Technology has created "windows on the world" offering the chance to understand how others live across the globe, the Queen said on Sunday.
In her Commonwealth Day message, the Queen said there was a range of opportunities to enter into the experience of people in communities "far removed" from our own.
These "windows on the world" showed us that in spite of different circumstances and surroundings, there was a "great deal" held in common because of our shared human experience, the Queen added.
"Our circumstances and surroundings may vary enormously, for example in the food we eat and the clothes we wear, but we share one humanity, and this draws us all together," she said.

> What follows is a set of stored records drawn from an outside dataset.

lemma seg_map_common_port:
  assumes p: "G.port v a" and x: "x \<in> G.segment v a" and y: "y \<in> G.segment v a"
  obtains u b where "G.port u b"
    "0 < G.seg_index u b x" "G.seg_index u b x < G.seg_len u b" "G.walk u b (G.seg_index u b x) = x"
    "seg_map x = H.walk u (matched_port u b) (G.seg_index u b x)"
    "0 < G.seg_index u b y" "G.seg_index u b y < G.seg_len u b" "G.walk u b (G.seg_index u b y) = y"
    "seg_map y = H.walk u (matched_port u b) (G.seg_index u b y)"
proof -
  obtain u b where x': "G.port u b" "G.seg_rep (G.segment_of x) = (u, b)" "G.segment u b = G.segment v a"
      "0 < G.seg_index u b x" "G.seg_index u b x < G.seg_len u b" "G.walk u b (G.seg_index u b x) = x"
      "seg_map x = H.walk u (matched_port u b) (G.seg_index u b x)"
    by (rule seg_map_on_segment[OF p x])
  obtain u' b' where y': "G.port u' b'" "G.seg_rep (G.segment_of y) = (u', b')" "G.segment u' b' = G.segment v a"
      "0 < G.seg_index u' b' y" "G.seg_index u' b' y < G.seg_len u' b'" "G.walk u' b' (G.seg_index u' b' y) = y"
      "seg_map y = H.walk u' (matched_port u' b') (G.seg_index u' b' y)"
    by (rule seg_map_on_segment[OF p y])
  have "(u', b') = (u, b)"
    using x'(2) y'(2) G.segment_of_eq[OF p x] G.segment_of_eq[OF p y] by simp
  then show ?thesis using that x' y' by blast
qed

end

locale covered_cycle_nbhd_pair = cycle_nbhd_pair +
  assumes covered: "x \<in> X \<Longrightarrow> \<exists>v a. G.port v a \<and> x \<in> G.segment v a"
begin

lemma seg_map_in_X:
  assumes x: "x \<in> X"
  shows "seg_map x \<in> X"
proof -
  obtain v a where p: "G.port v a" "x \<in> G.segment v a" using covered[OF x] by blast
  then show ?thesis
    using seg_map_in_matched_segment[OF p] H.segment_subset_X[OF matched_port_props(1)[OF p(1)]] by blast
qed

lemma inj_on_seg_map: "inj_on seg_map X"
proof (rule inj_onI)
  fix x y assume x: "x \<in> X" and y: "y \<in> X" and e: "seg_map x = seg_map y"
  obtain v a where p: "G.port v a" "x \<in> G.segment v a" using covered[OF x] by blast
  obtain v' a' where p': "G.port v' a'" "y \<in> G.segment v' a'" using covered[OF y] by blast
  have hx: "seg_map x \<in> H.segment v (matched_port v a)" by (rule seg_map_in_matched_segment[OF p])
  have hy: "seg_map x \<in> H.segment v' (matched_port v' a')" using seg_map_in_matched_segment[OF p'] e by simp
  have "H.segment v (matched_port v a) = H.segment v' (matched_port v' a')"
    by (rule H.segment_eq_if_common[OF matched_port_props(1)[OF p(1)] matched_port_props(1)[OF p'(1)] hx hy])
  then have "G.segment v a = G.segment v' a'" by (rule matched_segment_eq[OF p(1) p'(1)])
  then have y_in: "y \<in> G.segment v a" using p'(2) by simp
  obtain u b where P: "G.port u b"
      "0 < G.seg_index u b x" "G.seg_index u b x < G.seg_len u b" "G.walk u b (G.seg_index u b x) = x"
      "seg_map x = H.walk u (matched_port u b) (G.seg_index u b x)"
      "0 < G.seg_index u b y" "G.seg_index u b y < G.seg_len u b" "G.walk u b (G.seg_index u b y) = y"
      "seg_map y = H.walk u (matched_port u b) (G.seg_index u b y)"
    by (rule seg_map_common_port[OF p y_in])
  have "G.seg_index u b x \<in> {1..<H.seg_len u (matched_port u b)}"
    "G.seg_index u b y \<in> {1..<H.seg_len u (matched_port u b)}"
    using P(2,3,6,7) matched_port_props(3)[OF P(1)] by auto
  moreover have "H.walk u (matched_port u b) (G.seg_index u b x) = H.walk u (matched_port u b) (G.seg_index u b y)"
    using P(5,9) e by simp
  ultimately have "G.seg_index u b x = G.seg_index u b y"
    using inj_onD[OF H.inj_on_segment[OF matched_port_props(1)[OF P(1)]]] by blast
  then show "x = y" using P(4,8) by metis
qed

lemma bij_betw_seg_map: "bij_betw seg_map X X"
  unfolding bij_betw_def using inj_on_seg_map endo_inj_surj[OF G.finite_X _ inj_on_seg_map] seg_map_in_X
  by blast

lemma seg_map_adj_X:
  assumes x: "x \<in> X" and y: "y \<in> X"
  shows "adj x y \<longleftrightarrow> adj' (seg_map x) (seg_map y)"
proof -
  obtain v a where p: "G.port v a" "x \<in> G.segment v a" using covered[OF x] by blast
  have same: "adj x y \<longleftrightarrow> adj' (seg_map x) (seg_map y)" if y_in: "y \<in> G.segment v a"
  proof -
    obtain u b where P: "G.port u b"
        "0 < G.seg_index u b x" "G.seg_index u b x < G.seg_len u b" "G.walk u b (G.seg_index u b x) = x"
        "seg_map x = H.walk u (matched_port u b) (G.seg_index u b x)"
        "0 < G.seg_index u b y" "G.seg_index u b y < G.seg_len u b" "G.walk u b (G.seg_index u b y) = y"
        "seg_map y = H.walk u (matched_port u b) (G.seg_index u b y)"
      by (rule seg_map_common_port[OF p y_in])
    have "adj x y \<longleftrightarrow> (G.seg_index u b y = Suc (G.seg_index u b x) \<or> G.seg_index u b x = Suc (G.seg_index u b y))"
      using G.adj_in_segment[OF P(1) P(2,3) P(6,7)] P(4,8) by simp
    also have "\<dots> \<longleftrightarrow> adj' (seg_map x) (seg_map y)"
      using H.adj_in_segment[of u "matched_port u b" "G.seg_index u b x" "G.seg_index u b y"] matched_port_props[OF P(1)] P
      by simp
    finally show ?thesis .
  qed
  show ?thesis
  proof
    assume "adj x y"
    then show "adj' (seg_map x) (seg_map y)" using same G.segment_closed[OF p] y by blast
  next
    assume xy: "adj' (seg_map x) (seg_map y)"
    obtain v' a' where p': "G.port v' a'" "y \<in> G.segment v' a'" using covered[OF y] by blast
    have "seg_map y \<in> H.segment v (matched_port v a)"
      using H.segment_closed[OF matched_port_props(1)[OF p(1)] seg_map_in_matched_segment[OF p] xy] seg_map_in_X[OF y] .
    then have "H.segment v (matched_port v a) = H.segment v' (matched_port v' a')"
      using H.segment_eq_if_common[OF matched_port_props(1)[OF p(1)] matched_port_props(1)[OF p'(1)] _ seg_map_in_matched_segment[OF p']]
      by simp
    then have "G.segment v a = G.segment v' a'" using matched_segment_eq[OF p(1) p'(1)] by simp
    then show "adj x y" using same xy p' by simp
  qed
qed

lemma seg_map_adj_N:
  assumes v0: "v0 \<in> N" and x: "x \<in> X"
  shows "adj v0 x \<longleftrightarrow> adj' v0 (seg_map x)"
proof -
  obtain v a where p: "G.port v a" "x \<in> G.segment v a" using covered[OF x] by blast
  obtain u b where P: "G.port u b" "G.seg_rep (G.segment_of x) = (u, b)" "G.segment u b = G.segment v a"
      "0 < G.seg_index u b x" "G.seg_index u b x < G.seg_len u b" "G.walk u b (G.seg_index u b x) = x"
      "seg_map x = H.walk u (matched_port u b) (G.seg_index u b x)"
    by (rule seg_map_on_segment[OF p])
  let ?i = "G.seg_index u b x"
  have "adj v0 x \<longleftrightarrow> adj (G.walk u b ?i) v0" using P(6) G.adj_sym by metis
  also have "\<dots> \<longleftrightarrow> (?i = 1 \<and> v0 = u) \<or> (?i = G.seg_len u b - 1 \<and> v0 = G.seg_end u b)"
    using G.N_nbr_of_segment[OF P(1) P(4,5) _ v0] G.N_nbr_of_segment_conv[OF P(1) P(4,5)] by blast
  also have "\<dots> \<longleftrightarrow> adj' (H.walk u (matched_port u b) ?i) v0"
    using H.N_nbr_of_segment[of u "matched_port u b" ?i v0] H.N_nbr_of_segment_conv[of u "matched_port u b" ?i v0]
      matched_port_props[OF P(1)] P v0 by auto
  also have "\<dots> \<longleftrightarrow> adj' v0 (seg_map x)" using P(7) H.adj_sym by metis
  finally show ?thesis .
qed

end

section \<open>Switching a neighbourhood graph that is a union of cycles\<close>

text \<open>\<open>M\<close> is the switching matrix restricted to \<open>V = X \<union> N\<close>: it acts on \<open>N\<close> by signs \<open>s\<close>, and the
  adjacency matrix of the switched neighbourhood graph is \<open>M\<^sup>T A M\<close>.\<close>

locale nbhd_switching = G: cycle_nbhd V X N adjG
  for V X N :: "'a set" and adjG :: "'a \<Rightarrow> 'a \<Rightarrow> bool" +
  fixes adjH :: "'a \<Rightarrow> 'a \<Rightarrow> bool" and M :: "'a \<Rightarrow> 'a \<Rightarrow> real" and s :: "'a \<Rightarrow> real"
  assumes H_sym: "adjH u w \<Longrightarrow> adjH w u" and H_irrefl: "\<not> adjH u u"
    and H_in_V: "adjH u w \<Longrightarrow> u \<in> V" and H_N_indep: "u \<in> N \<Longrightarrow> w \<in> N \<Longrightarrow> \<not> adjH u w"
    and M_orthogonal: "orthogonal_mat V M"
    and M_col_N: "v \<in> N \<Longrightarrow> M a v = (if a = v then s v else 0)"
    and M_row_N: "v \<in> N \<Longrightarrow> M v a = (if a = v then s v else 0)"
    and sign: "v \<in> N \<Longrightarrow> s v = 1 \<or> s v = -1"
    and H_conj: "u \<in> V \<Longrightarrow> w \<in> V \<Longrightarrow> rel_mat adjH u w = conj_mat V M (rel_mat adjG) u w"
begin

lemma sum_M_col_N:
  assumes v: "v \<in> N"
  shows "(\<Sum>a\<in>V. M a v * f a) = s v * f v"
proof -
  have "(\<Sum>a\<in>V. M a v * f a) = (\<Sum>a\<in>V. if a = v then s v * f v else 0)"
    using M_col_N[OF v] by (intro sum.cong refl) auto
  then show ?thesis using G.finite_V v G.V_eq by simp
qed

lemma conj_mat_N:
  assumes u: "u \<in> N" and w: "w \<in> N"
  shows "conj_mat V M Z u w = s u * s w * Z u w"
proof -
  have "conj_mat V M Z u w = (\<Sum>x\<in>V. M x u * (\<Sum>y\<in>V. M y w * Z x y))"
    unfolding conj_mat_expand by (simp add: sum_distrib_left mult_ac)
  also have "\<dots> = (\<Sum>x\<in>V. M x u * (s w * Z x w))" using sum_M_col_N[OF w] by simp
  also have "\<dots> = s u * (s w * Z u w)" by (rule sum_M_col_N[OF u])
  finally show ?thesis by simp
qed

lemma G_row_sum:
  assumes u: "u \<in> V"
  shows "(\<Sum>w\<in>V. rel_mat adjG u w) = 2"
proof -
  have "{w\<in>V. adjG u w} = {w. adjG u w}" using G.adj_in_V' by blast
  then show ?thesis using sum_rel_mat[OF G.finite_V, of adjG u] G.degree_two[OF u] by simp
qed

lemma H_row_sum: "u \<in> V \<Longrightarrow> (\<Sum>w\<in>V. rel_mat adjH u w) = 2"
  using conj_row_sums_eq[OF G.finite_V M_orthogonal H_conj _ _ G_row_sum] G.adj_sym
  unfolding rel_mat_def by auto

lemma H_degree_two:
  assumes u: "u \<in> V"
  shows "card {w. adjH u w} = 2"
proof -
  have "{w\<in>V. adjH u w} = {w. adjH u w}" using H_in_V H_sym by blast
  then show ?thesis using H_row_sum[OF u] sum_rel_mat[OF G.finite_V, of adjH u] by simp
qed

sublocale H: cycle_nbhd V X N adjH
  using G.finite_V G.V_eq G.X_N_disjoint H_sym H_irrefl H_in_V H_degree_two H_N_indep
  by unfold_locales auto

lemma X_adj_mat_conj:
  assumes u: "u \<in> V" and w: "w \<in> V"
  shows "H.X_adj_mat u w = conj_mat V M G.X_adj_mat u w"
proof (cases "u \<in> X \<and> w \<in> X")
  case True
  have "H.X_adj_mat u w = conj_mat V M (rel_mat adjG) u w"
    using H_conj[OF u w] True unfolding H.X_adj_mat_def rel_mat_def by simp
  also have "\<dots> = conj_mat V M G.X_adj_mat u w"
    using True M_row_N G.X_N_disjoint G.V_eq
    by (intro conj_mat_cong) (auto simp: G.X_adj_mat_def rel_mat_def split: if_splits)
  finally show ?thesis .
next
  case False
  then have "u \<in> N \<or> w \<in> N" using u w G.V_eq by auto
  then have "conj_mat V M G.X_adj_mat u w = conj_mat V M (\<lambda>_ _. 0) u w"
    using M_col_N G.X_N_disjoint by (intro conj_mat_cong) (auto simp: G.X_adj_mat_def split: if_splits)
  then show ?thesis using False unfolding H.X_adj_mat_def conj_mat_expand by auto
qed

"The joys of celebration and sympathy of sadness may be expressed differently but they are felt in the same way the world over."

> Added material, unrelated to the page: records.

(* Let $W(D_4)\subset \mathrm{O}_4(\mathbb R)$ be the group of matrices $D\cdot P(\pi)$ with $D=\mathrm{diag}(\varepsilon_1,\dots,\varepsilon_4)$, $\varepsilon_i=\pm1$, $\prod_i\varepsilon_i=1$, and $P(\pi)$ the permutation matrix of $\pi\in\mathfrak S_4$. Let $$\mu=\tfrac12\begin{pmatrix}1&1&1&-1\\1&1&-1&1\\1&-1&1&1\\1&-1&-1&-1\end{pmatrix},\qquad \rho=\tfrac12\begin{pmatrix}-1&1&1&1\\-1&-1&1&-1\\-1&-1&-1&1\\-1&1&-1&-1\end{pmatrix},$$ and let $\tilde\mu,\tilde\rho$ be the automorphisms of $W(D_4)$ given by $x\mapsto\mu x\mu^{-1}$ and $x\mapsto\rho x\rho^{-1}$. Then every trialitarian automorphism of $W(D_4)$ is conjugate in the group $\mathrm{Aut}(W(D_4))$ to either $\tilde\mu$ or $\tilde\rho$.
   Context: A trialitarian automorphism of $W(D_4)$ is an automorphism of order $3$ which is not inner. Conjugation by $\mu$ and by $\rho$ normalizes $W(D_4)$, and $\tilde\mu,\tilde\rho$ are trialitarian. *)

theory Defs
  imports "HOL-Analysis.Analysis" "HOL-Algebra.Group" "HOL-Combinatorics.Permutations"
begin

type_synonym mat4 = "real^4^4"

definition perm_mat :: "(4 \<Rightarrow> 4) \<Rightarrow> mat4" where
  "perm_mat p = (\<chi> i j. if i = p j then 1 else 0)"

definition diag_mat :: "(4 \<Rightarrow> real) \<Rightarrow> mat4" where
  "diag_mat e = (\<chi> i j. if i = j then e i else 0)"

definition WD4 :: "mat4 set" where
  "WD4 = {diag_mat e ** perm_mat p | e p.
            (\<forall>i. e i = 1 \<or> e i = -1) \<and> (\<Prod>i\<in>UNIV. e i) = 1 \<and> p permutes (UNIV :: 4 set)}"

definition WD4_grp :: "mat4 monoid" where
  "WD4_grp = \<lparr>carrier = WD4, mult = (\<lambda>x y. x ** y), one = mat 1\<rparr>"

definition mu :: mat4 where
  "mu = (1/2) *\<^sub>R vector [vector [1,1,1,-1], vector [1,1,-1,1],
                            vector [1,-1,1,1], vector [1,-1,-1,-1]]"

definition rho :: mat4 where
  "rho = (1/2) *\<^sub>R vector [vector [-1,1,1,1], vector [-1,-1,1,-1],
                             vector [-1,-1,-1,1], vector [-1,1,-1,-1]]"

definition conj_by :: "mat4 \<Rightarrow> mat4 \<Rightarrow> mat4" where
  "conj_by g x = g ** x ** matrix_inv g"

definition aut_WD4 :: "(mat4 \<Rightarrow> mat4) set" where
  "aut_WD4 = iso WD4_grp WD4_grp"

definition inner_WD4 :: "(mat4 \<Rightarrow> mat4) \<Rightarrow> bool" where
  "inner_WD4 f \<longleftrightarrow> (\<exists>g\<in>WD4. \<forall>x\<in>WD4. f x = conj_by g x)"

definition trialitarian :: "(mat4 \<Rightarrow> mat4) \<Rightarrow> bool" where
  "trialitarian f \<longleftrightarrow> f \<in> aut_WD4 \<and> (\<forall>x\<in>WD4. f (f (f x)) = x) \<and> \<not> (\<forall>x\<in>WD4. f x = x)
      \<and> \<not> inner_WD4 f"

definition aut_conjugate :: "(mat4 \<Rightarrow> mat4) \<Rightarrow> (mat4 \<Rightarrow> mat4) \<Rightarrow> bool" where
  "aut_conjugate f g \<longleftrightarrow> (\<exists>psi\<in>aut_WD4. \<forall>x\<in>WD4. f (psi x) = psi (g x))"

end

theory Submission
  imports Defs
begin

text \<open>\<open>W(D\<^sub>4)\<close> consists of the signed permutation matrices with an even number of entries
  \<open>-1\<close>; coding them by the signed images of the basis vectors makes the group law computable by
  the simplifier. \<open>W(D\<^sub>4)\<close> is generated by an element \<open>a\<close> of order 4 and an element \<open>b\<close> of order 3,
  so an automorphism \<open>f\<close> is determined by \<open>x = f a\<close> and \<open>y = f b\<close>. These again have orders 4 and 3,
  \<open>xy\<close> and \<open>xy\<^sup>2\<close> have order 4 like \<open>ab\<close> and \<open>ab\<^sup>2\<close>, and \<open>f\<^sup>3 = 1\<close> can be tested on \<open>a\<close> and \<open>b\<close> after
  writing \<open>x\<close> and \<open>y\<close> as words in \<open>a\<close> and \<open>b\<close>. Running through all such pairs shows that \<open>(x, y)\<close> is
  the image of \<open>(a, b)\<close> either under an inner automorphism or under \<open>\<psi> \<circ> conj_by \<mu> \<circ> \<psi>\<inverse>\<close> or
  \<open>\<psi> \<circ> conj_by \<rho> \<circ> \<psi>\<inverse>\<close>, where \<open>\<psi>\<close> is conjugation by a signed permutation matrix, which
  normalises \<open>W(D\<^sub>4)\<close>.\<close>

section \<open>Even signed permutations\<close>

datatype ix = I1 | I2 | I3 | I4
datatype sidx = Pos ix | Neg ix
datatype sperm = SP sidx sidx sidx sidx

lemma UNIV_ix: "(UNIV :: ix set) = {I1, I2, I3, I4}"
  using ix.exhaust by auto

instance ix :: finite
  by standard (simp add: UNIV_ix)

fun sperm_at :: "sperm \<Rightarrow> ix \<Rightarrow> sidx" where
  "sperm_at (SP a b c d) I1 = a"
| "sperm_at (SP a b c d) I2 = b"
| "sperm_at (SP a b c d) I3 = c"
| "sperm_at (SP a b c d) I4 = d"

fun sidx_index :: "sidx \<Rightarrow> ix" where
  "sidx_index (Pos i) = i"
| "sidx_index (Neg i) = i"

fun sidx_sign :: "sidx \<Rightarrow> real" where
  "sidx_sign (Pos i) = 1"
| "sidx_sign (Neg i) = -1"

fun sidx_neg :: "sidx \<Rightarrow> sidx" where
  "sidx_neg (Pos i) = Neg i"
| "sidx_neg (Neg i) = Pos i"

fun sperm_app :: "sperm \<Rightarrow> sidx \<Rightarrow> sidx" where
  "sperm_app x (Pos i) = sperm_at x i"
| "sperm_app x (Neg i) = sidx_neg (sperm_at x i)"

fun sperm_mult :: "sperm \<Rightarrow> sperm \<Rightarrow> sperm" (infixl "\<odot>" 70) where
  "x \<odot> SP a b c d = SP (sperm_app x a) (sperm_app x b) (sperm_app x c) (sperm_app x d)"

definition sperm_one :: sperm where
  "sperm_one = SP (Pos I1) (Pos I2) (Pos I3) (Pos I4)"

definition sperm_perm :: "sperm \<Rightarrow> ix \<Rightarrow> ix" where
  "sperm_perm x j = sidx_index (sperm_at x j)"

definition sperm_signs :: "sperm \<Rightarrow> real" where
  "sperm_signs x = (\<Prod>j\<in>UNIV. sidx_sign (sperm_at x j))"

definition even_sperm :: "sperm \<Rightarrow> bool" where
  "even_sperm x \<longleftrightarrow> bij (sperm_perm x) \<and> sperm_signs x = 1"

lemma sperm_eqI: "(\<And>j. sperm_at x j = sperm_at y j) \<Longrightarrow> x = y"
  by (cases x; cases y) (metis sperm_at.simps)

lemma sidx_eqI: "sidx_index s = sidx_index t \<Longrightarrow> sidx_sign s = sidx_sign t \<Longrightarrow> s = t"
  by (cases s; cases t) auto

lemma sidx_sign_cases: "sidx_sign s = 1 \<or> sidx_sign s = -1"
  by (cases s) auto

lemma sidx_sign_nonzero [simp]: "sidx_sign s \<noteq> 0"
  by (cases s) auto

lemma sidx_index_neg [simp]: "sidx_index (sidx_neg s) = sidx_index s"
  by (cases s) auto

lemma sidx_sign_neg [simp]: "sidx_sign (sidx_neg s) = - sidx_sign s"
  by (cases s) auto

lemma sidx_index_app: "sidx_index (sperm_app x s) = sperm_perm x (sidx_index s)"
  by (cases s) (auto simp: sperm_perm_def)

lemma sidx_sign_app: "sidx_sign (sperm_app x s) = sidx_sign s * sidx_sign (sperm_at x (sidx_index s))"
  by (cases s) auto

lemma sperm_at_mult: "sperm_at (x \<odot> y) j = sperm_app x (sperm_at y j)"
  by (cases y; cases j) auto

lemma sperm_at_one [simp]: "sperm_at sperm_one j = Pos j"
  by (cases j) (auto simp: sperm_one_def)

lemma sperm_perm_mult: "sperm_perm (x \<odot> y) = sperm_perm x \<circ> sperm_perm y"
  by (auto simp: sperm_perm_def sperm_at_mult sidx_index_app)

lemma sperm_perm_one: "sperm_perm sperm_one = id"
  by (auto simp: sperm_perm_def)

lemma sperm_signs_one: "sperm_signs sperm_one = 1"
  by (simp add: sperm_signs_def)

lemma sperm_signs_mult:
  assumes "bij (sperm_perm y)"
  shows "sperm_signs (x \<odot> y) = sperm_signs x * sperm_signs y"
proof -
  have "sperm_signs (x \<odot> y)
      = sperm_signs y * (\<Prod>j\<in>UNIV. (\<lambda>i. sidx_sign (sperm_at x i)) (sperm_perm y j))"
    by (simp add: sperm_signs_def sperm_at_mult sidx_sign_app sperm_perm_def prod.distrib)
  also have "(\<Prod>j\<in>UNIV. (\<lambda>i. sidx_sign (sperm_at x i)) (sperm_perm y j)) = sperm_signs x"
    unfolding sperm_signs_def by (rule prod.reindex_bij_betw[OF assms])
  finally show ?thesis by simp
qed

lemma even_sperm_one: "even_sperm sperm_one"
  by (simp add: even_sperm_def sperm_perm_one sperm_signs_one)

lemma even_sperm_mult: "even_sperm x \<Longrightarrow> even_sperm y \<Longrightarrow> even_sperm (x \<odot> y)"
  by (simp add: even_sperm_def sperm_perm_mult sperm_signs_mult bij_comp)

lemma bij_sperm_perm_iff:
  "bij (sperm_perm x) \<longleftrightarrow>
     distinct [sperm_perm x I1, sperm_perm x I2, sperm_perm x I3, sperm_perm x I4]"
proof -
  have "distinct [I1, I2, I3, I4]" "set [I1, I2, I3, I4] = UNIV"
    by (simp_all add: UNIV_ix)
  then have "inj (sperm_perm x) \<longleftrightarrow> distinct (map (sperm_perm x) [I1, I2, I3, I4])"
    by (metis distinct_map)
  then show ?thesis
    using finite_UNIV_inj_surj[of "sperm_perm x"] by (auto simp: bij_def)
qed

text \<open>The form of evenness that the simplifier evaluates on concrete signed permutations.\<close>
lemma even_sperm_iff:
  "even_sperm x \<longleftrightarrow>
     distinct [sperm_perm x I1, sperm_perm x I2, sperm_perm x I3, sperm_perm x I4] \<and>
     sidx_sign (sperm_at x I1) * sidx_sign (sperm_at x I2) *
     sidx_sign (sperm_at x I3) * sidx_sign (sperm_at x I4) = 1"
  unfolding even_sperm_def bij_sperm_perm_iff sperm_signs_def by (simp add: UNIV_ix mult.assoc)

lemma idempotent_sperm_eq_one:
  assumes "bij (sperm_perm z)" and "z \<odot> z = z"
  shows "z = sperm_one"
proof (rule sperm_eqI)
  fix j
  have "sperm_perm z \<circ> sperm_perm z = sperm_perm z"
    using assms(2) by (metis sperm_perm_mult)
  then have perm: "sperm_perm z i = i" for i
    using assms(1) by (metis bij_is_inj comp_apply injD)
  have "sperm_app z (sperm_at z j) = sperm_at z j"
    using assms(2) by (metis sperm_at_mult)
  then have "sidx_sign (sperm_at z j) = sidx_sign (sperm_at z j) * sidx_sign (sperm_at z j)"
    using perm by (metis sidx_sign_app sperm_perm_def)
  then have "sidx_sign (sperm_at z j) = 1"
    by simp
  then show "sperm_at z j = sperm_at sperm_one j"
    using perm[of j] by (intro sidx_eqI) (simp_all add: sperm_perm_def)
qed

fun ix4 :: "ix \<Rightarrow> 4" where
  "ix4 I1 = 1"
| "ix4 I2 = 2"
| "ix4 I3 = 3"
| "ix4 I4 = 4"

definition ix_of :: "4 \<Rightarrow> ix" where
  "ix_of k = (if k = 1 then I1 else if k = 2 then I2 else if k = 3 then I3 else I4)"

lemma ix_of_ix4 [simp]: "ix_of (ix4 i) = i"
  by (cases i) (simp_all add: ix_of_def)

lemma ix4_ix_of [simp]: "ix4 (ix_of k) = k"
  using exhaust_4[of k] by (auto simp: ix_of_def)

lemma ix_of_numeral [simp]: "ix_of 1 = I1" "ix_of 2 = I2" "ix_of 3 = I3" "ix_of 4 = I4"
  by (simp_all add: ix_of_def)

lemma bij_ix4: "bij ix4"
  by (rule bij_betw_byWitness[where f' = ix_of]) auto

lemma bij_ix_of: "bij ix_of"
  by (rule bij_betw_byWitness[where f' = ix4]) auto

text \<open>Column \<open>j\<close> of \<open>sperm_mat x\<close> is the basis vector \<open>\<plusminus>e\<^sub>i\<close> for \<open>sperm_at x j = \<plusminus>i\<close>.\<close>
definition sperm_mat :: "sperm \<Rightarrow> mat4" where
  "sperm_mat x = (\<chi> i j. if i = ix4 (sidx_index (sperm_at x (ix_of j)))
                          then sidx_sign (sperm_at x (ix_of j)) else 0)"

lemma sperm_mat_nth:
  "sperm_mat x $ i $ j =
     (if i = ix4 (sidx_index (sperm_at x (ix_of j))) then sidx_sign (sperm_at x (ix_of j)) else 0)"
  by (simp add: sperm_mat_def)

lemma sperm_mat_mult: "sperm_mat x ** sperm_mat y = sperm_mat (x \<odot> y)"
proof -
  have "(sperm_mat x ** sperm_mat y) $ i $ j = sperm_mat (x \<odot> y) $ i $ j" for i j
  proof -
    let ?s = "sperm_at y (ix_of j)"
    have "(sperm_mat x ** sperm_mat y) $ i $ j = (\<Sum>k\<in>UNIV. sperm_mat x $ i $ k * sperm_mat y $ k $ j)"
      by (simp add: matrix_matrix_mult_def)
    also have "\<dots> = (\<Sum>k\<in>UNIV. if k = ix4 (sidx_index ?s) then sperm_mat x $ i $ k * sidx_sign ?s else 0)"
      by (rule sum.cong) (auto simp: sperm_mat_nth)
    also have "\<dots> = sperm_mat x $ i $ ix4 (sidx_index ?s) * sidx_sign ?s"
      by simp
    also have "\<dots> = sperm_mat (x \<odot> y) $ i $ j"
      by (simp add: sperm_mat_nth sperm_at_mult sidx_index_app sidx_sign_app sperm_perm_def)
    finally show ?thesis .
  qed
  then show ?thesis
    by (simp add: vec_eq_iff)
qed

The Queen, who is head of the Commonwealth, added that the "creative genius" of artists helped express both the range of different cultures and a shared humanity.
The Queen was speaking as she prepared to mark Commonwealth Day with the Duke of Edinburgh, the Prince of Wales, the Duchess of Cornwall and the Countess of Wessex at a special event in Westminster Abbey attended by more than 1,000 children from schools and youth groups.
The observance will be attended by South African jazz trumpeter Hugh Masekela, Canadian singer-songwriter Rufus Wainwright and award-winning Nigerian writer Chimamanda Ngozi Adichie.
Scots Makar, or national poet, Liz Lochhead will read a poem commissioned for the event.
The Commonwealth theme this year Connecting Cultures marks the Queen's Diamond Jubilee with a digital history project run by the Royal Commonwealth Society, the Jubilee Time Capsule (JTC) collecting memories from across the globe.
So far 28,000 entries have been received from people in 49 countries, with the capsule due to be sealed later in the year and presented to the Queen.
The Commonwealth was first set up in 1949 with eight member countries. By last year, it had 54 members covering a population of nearly two billion.